To find the square roots of a complex number, such as z = 5 - 12i, we can use the following steps:
Step 1: Write the complex number in the form a + bi, where a is the real part and b is the imaginary part.
For z = 5 - 12i, we already have it in this form.
Step 2: Convert the complex number to polar form by using the magnitude and argument.
The magnitude (r) of a complex number z = a + bi is given by r = sqrt(a^2 + b^2).
For z = 5 - 12i, the magnitude (r) equals sqrt(5^2 + (-12)^2) = sqrt(25 + 144) = sqrt(169) = 13.
The argument (θ) of a complex number z = a + bi is given by arctan(b / a) - in the range of (-π, π].
For z = 5 - 12i, the argument (θ) equals arctan((-12) / 5) = arctan(-2.4) ≈ -1.1903.
So, z in polar form is r(cos(θ) + isin(θ)) = 13(cos(-1.1903) + isin(-1.1903)).
Step 3: Obtain the square roots in polar form.
To find the square roots, we take the square root of the magnitude and halve the argument.
The square roots of z in polar form are sqrt(r)(cos(θ/2) + isin(θ/2)) and sqrt(r)(cos(θ/2 + π) + isin(θ/2 + π)).
For z = 5 - 12i, the square roots in polar form are:
sqrt(13)(cos(-1.1903/2) + isin(-1.1903/2)) ≈ sqrt(13)(0.826 + i(-0.325))
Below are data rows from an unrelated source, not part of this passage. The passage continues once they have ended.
lemma cstar_subalg_cstar_gen: "cstar_subalg scaleC star (cstar_gen scaleC star t)"
  unfolding cstar_gen_def cstar_subalg_def[of scaleC star "\<Inter> _"]
  by (intro conjI closed_Inter) (auto simp: cstar_subalg_def)

lemma mem_cstar_gen: "t \<in> cstar_gen scaleC star t"
  unfolding cstar_gen_def by blast

end

locale expansive = cstar +
  fixes t :: 'a
  assumes expansive: "le_in scaleC star UNIV 1 (star t * t)"
begin

abbreviation "s \<equiv> star t * t"
abbreviation "r \<equiv> inv_el s"
abbreviation "T \<equiv> tp star t"
abbreviation "Tadj \<equiv> star (tp star t)"
abbreviation "c \<equiv> ck star t"
abbreviation "p \<equiv> pk star t"
abbreviation "u \<equiv> uk star t"
abbreviation "v \<equiv> vk star t"
abbreviation "B \<equiv> cstar_gen scaleC star t"

lemma positive_s_minus_one: "positive_el (s - 1)"
  using expansive unfolding le_in_UNIV_iff by simp

lemma invertible_s: "invertible_el s"
  using invertible_el_if_positive_margin[of s 1] positive_s_minus_one by simp

lemma star_r: "star r = r"
  by (rule star_inv_el_selfadjoint[OF invertible_s]) simp

lemma positive_r: "positive_el r"
  by (rule positive_el_inv_el[OF positive_el_star_mult_self invertible_s])

lemma positive_one_minus_r: "positive_el (1 - r)"
  by (rule positive_el_one_minus_inv_el[OF positive_el_star_mult_self invertible_s positive_s_minus_one])

lemma Tadj_eq: "Tadj = r * star t"
  by (simp add: tp_def star_r)

lemma Tadj_mult_T: "Tadj * T = r"
proof -
  have "Tadj * T = r * (s * r)" by (simp add: Tadj_eq tp_def star_r mult.assoc)
  then show ?thesis using invertible_s by simp
qed

lemma star_T_power: "star (T ^ k) = Tadj ^ k"
  by (simp add: star_power)

lemma star_Tadj_power: "star (Tadj ^ k) = T ^ k"
  by (simp add: star_power)

lemma c_eq: "c k = Tadj ^ k * T ^ k"
  by (simp add: ck_def)

lemma c_Suc: "c (Suc k) = Tadj * c k * T"
  by (simp only: c_eq power_Suc[of Tadj k] power_Suc2[of T k] mult.assoc)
sqrt(13)(cos(-1.1903/2 + π) + isin(-1.1903/2 + π)) ≈ sqrt(13)(-0.826 + i(0.325))
Step 4: Convert the square roots back to rectangular form.
To convert a complex number from polar form to rectangular form, we use the formulas x = r * cos(θ) and y = r * sin(θ).
For the first square root:
x = sqrt(13) * cos(-1.1903/2) ≈ sqrt(13) * 0.826 ≈ 3.538
y = sqrt(13) * sin(-1.1903/2) ≈ sqrt(13) * -0.325 ≈ -1.435
So, the first square root of z = 5 - 12i is approximately 3.538 - 1.435i.
For the second square root:
x = sqrt(13) * cos(-1.1903/2 + π) ≈ sqrt(13) * -0.826 ≈ -3.538
y = sqrt(13) * sin(-1.1903/2 + π) ≈ sqrt(13) * 0.325 ≈ 1.435
So, the second square root of z = 5 - 12i is approximately -3.538 + 1.435i.
Therefore, the square roots of z = 5 - 12i are approximately 3.538 - 1.435i and -3.538 + 1.435i.